Б.Ж.: Энкаустики. Вот одна висит у меня энкаустика здесь и там, в комнатке, потом поглядите. Над нами все глумились. Это же вот эти времена — конец 1950-х, 1958-й, 1959-й — свобода. И мы устраивали выставки.
Нас не смущало, что после наших выставок директора этого заведения снимали к чертовой матери. Дом кино — снимали, Дом Герцена на Пушкинской — снимали, потом какой-то еще на шоссе Энтузиастов Дом культуры — снимали. Но нам наплевать. Мы занимались новым искусством, яростно.
Когда мы встречались, говорили только: «Работаешь? Пишешь?» — «Пишу». Одновременно с этим они же все работали, зарабатывали деньги. Я зарабатывал в «Книге». Приехав из Свердловска, я стал работать внештатно сначала в нескольких издательствах, а потом угнездился в издательстве «Молодая гвардия», где и проработал сорок лет. Ко мне там хорошо относились, я делал большие серьезные книжки, пришелся ко двору.
Почему я говорю, что это педагоги? Потому, что эти люди учили своих учеников, преподавали им то, что знали, что умели, без всякого внимания, расположения к ученикам. Почему дедушка — учитель? Вы прочитали письма, понимаете, что он — учитель, и жизни, и творчества. Учитель действительно. А те были педагоги, и Белютин в том числе. Кончилось это все 1962 годом, скандалом в Манеже.
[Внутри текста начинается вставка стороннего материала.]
(* Let $p\ge1$, $X=\{0,1,\dots,p\}$, and for $i\in\{1,\dots,p\}$ let $e_i$ be the transformation of $X^\ast$ defined recursively (with $\emptyset\mapsto\emptyset$) by $e_i(0w)=i\,e_i(w)$, $e_i(iw)=0w$, $e_i(jw)=jw$ for $j\notin\{0,i\}$. For $n\ge1$ let $A_n=\sum_{i=1}^p\bigl(M^{(n)}_i+(M^{(n)}_i)^{-1}\bigr)$, where $M^{(n)}_i$ is the $(p+1)^n\times(p+1)^n$ permutation matrix of the action of $e_i$ on $X^n$, and let $P_n(\lambda)=\det(\lambda I-A_n)$. Then for every $n\ge1$ $$P_{n+1}(\lambda)=\bigl(\lambda-2(p-1)\bigr)^{(p-1)(p+1)^n}\,P_n(f_p(\lambda)),\qquad f_p(\lambda)=\lambda^2-2(p-1)\lambda-2p,$$ and $P_1(\lambda)=(\lambda-2p)(\lambda+2)(\lambda-2(p-1))^{p-1}$.
   Context: The group generated by $e_1,\dots,e_p$ is the star automaton group $\mathcal G_{S_p}$; $A_n$ is the adjacency matrix of its $n$-th Schreier graph $\Gamma^p_n$ (vertex set $X^n$, an edge joining $v$ and $e_i(v)$ for each $v$ and $i$, loops counted twice on the diagonal). *)

theory Defs
  imports "Jordan_Normal_Form.Char_Poly"
begin

fun star_e :: "nat \<Rightarrow> nat list \<Rightarrow> nat list" where
  "star_e i [] = []"
| "star_e i (x # w) = (if x = 0 then i # star_e i w else if x = i then 0 # w else x # w)"

definition word_of :: "nat \<Rightarrow> nat \<Rightarrow> nat \<Rightarrow> nat list" where
  "word_of p n k = map (\<lambda>j. k div (p + 1) ^ j mod (p + 1)) [0..<n]"

definition perm_mat :: "nat \<Rightarrow> nat \<Rightarrow> nat \<Rightarrow> int mat" where
  "perm_mat p n i = mat ((p + 1) ^ n) ((p + 1) ^ n)
     (\<lambda>(r, c). if word_of p n r = star_e i (word_of p n c) then 1 else 0)"

text \<open>Its inverse: the permutation matrix of e_i^{-1}.\<close>
definition perm_mat_inv :: "nat \<Rightarrow> nat \<Rightarrow> nat \<Rightarrow> int mat" where
  "perm_mat_inv p n i = mat ((p + 1) ^ n) ((p + 1) ^ n)
     (\<lambda>(r, c). if star_e i (word_of p n r) = word_of p n c then 1 else 0)"

definition adj_mat :: "nat \<Rightarrow> nat \<Rightarrow> int mat" where
  "adj_mat p n = mat ((p + 1) ^ n) ((p + 1) ^ n)
     (\<lambda>(r, c). \<Sum>i = 1..p. perm_mat p n i $$ (r, c) + perm_mat_inv p n i $$ (r, c))"

definition f_poly :: "nat \<Rightarrow> int poly" where
  "f_poly p = [: - 2 * int p, - 2 * (int p - 1), 1 :]"

end

theory Submission
  imports Defs
begin

(* Group the words of length n+1 by their first letter.  Two words beginning with 0 are never
   adjacent; a word x w with x >= 1 is fixed by the p - 1 generators e_i, i ~= x (a loop of weight
   2(p-1)), and otherwise joined only to 0 w and to 0 e_x^-1(w).  Hence, after a permutation of the
   indices, A_(n+1) = [[0, B^T], [B, 2(p-1) I]] where B stacks the matrices M_x + I, x = 1..p, and
   B^T B = sum_x (M_x^T + I)(M_x + I) = 2p I + A_n.  Taking the Schur complement of the scalar block
   (lambda - 2(p-1)) I in lambda I - A_(n+1) turns det(lambda I - A_(n+1)) into
   (lambda - 2(p-1))^((p-1)(p+1)^n) det((lambda^2 - 2(p-1) lambda - 2p) I - A_n). *)

lemma det_permute_rows_cols:
  fixes A :: "'a::comm_ring_1 mat"
  assumes A: "A \<in> carrier_mat n n" and p: "p permutes {0..<n}"
  shows "det (mat n n (\<lambda>(i,j). A $$ (p i, p j))) = det A"
proof -
  have p_lt: "i < n \<Longrightarrow> p i < n" for i
    using p by (simp add: permutes_in_image)
  define B where "B = mat n n (\<lambda>(i,j). A $$ (i, p j))"
  have B: "B \<in> carrier_mat n n" unfolding B_def by simp
  have "det (mat n n (\<lambda>(i,j). A $$ (p i, p j))) = det (mat n n (\<lambda>(i,j). B $$ (p i, j)))"
    by (rule arg_cong[of _ _ det]) (auto simp: B_def p_lt)
  also have "\<dots> = signof p * det B"
    by (rule det_permute_rows[OF B p])
  also have "det B = det (mat n n (\<lambda>(i,j). A\<^sup>T $$ (p i, j)))"
    unfolding det_transpose[OF B, symmetric]
    by (rule arg_cong[of _ _ det]) (use A in \<open>auto simp: B_def p_lt\<close>)
  also have "\<dots> = signof p * det A"
    using det_permute_rows[of "A\<^sup>T" n p] A p det_transpose[OF A] by simp
  finally show ?thesis
    by (simp flip: mult.assoc of_int_mult)
qed

lemma char_poly_permute:
  fixes A :: "'a::comm_ring_1 mat"
  assumes A: "A \<in> carrier_mat n n" and p: "p permutes {0..<n}"
  shows "char_poly (mat n n (\<lambda>(i,j). A $$ (p i, p j))) = char_poly A"
proof -
  have "char_poly_matrix (mat n n (\<lambda>(i,j). A $$ (p i, p j)))
      = mat n n (\<lambda>(i,j). char_poly_matrix A $$ (p i, p j))"
    using A permutes_in_image[OF p] permutes_inj[OF p]
    by (intro eq_matI) (auto simp: char_poly_matrix_def inj_eq)
  then show ?thesis
    unfolding char_poly_def using det_permute_rows_cols[OF char_poly_matrix_closed[OF A] p] by simp
qed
Белютин был одаренный человек. По-моему, он был гениальный мошенник. Он где-то все вычитывал, в основном, учился у поляков, трансформировал в башке и выдавал нам каждый раз задания.
Надо сказать, это все было привлекательно, зажигательно. Его боготворили. Когда он не так давно умер, небольшое количество оставшихся в живых студентов, особенно, дамы: «Горе у нас, горе, Элий Михайлович умер, Элий умер!». После Манежа мы разошлись, некоторое количество было встреч странных, и мне не хотелось бы о покойнике совсем дурно говорить. Прелесть его прежде всего состояла в том, что он был единственный. В этот момент в Москве что было? Была группа кинетистов, во главе которой стоял Лева Нусберг, эмигрировавший. На сегодняшний день из них остался один Инфанте. Была группа лианозовцев, где был, по-моему, единственный оставшийся в живых на сегодняшний день Оскар Рабин. Были еще какие-то группы, не такие значительные, сейчас даже не помню какие, но все время возникали какие-то «шайки». Как говорил Костя Рудницкий: «Настало время в искусстве работать шайками». Если мы с вами оглянемся на историю искусства, то увидим, что «Бубновый валет», дадаисты, сюрреалисты — все в начале убеждений в выбранном пути объединялись в команды. Баухаус. Баухаус — Клее, Кандинский. То есть, мне кажется, что это на самом деле естественное желание: объединиться в группе, чтобы убедить себя, убедить окружающих, увериться в правильности выбранного пути, и одновременно с этим друзья, соратники тебя поддерживают… Секта. Так же, кстати говоря, как, скажем, скандал в Манеже возник ведь не по нашему поводу. Скандал в Манеже возник из-за так называемой «девятки» МОСХа. Это девять членов Союза художников, которые подняли там бучу с желанием сбросить руководство Союза художников, сталинское, хрущевское — сталинское фактически и занять самим это место.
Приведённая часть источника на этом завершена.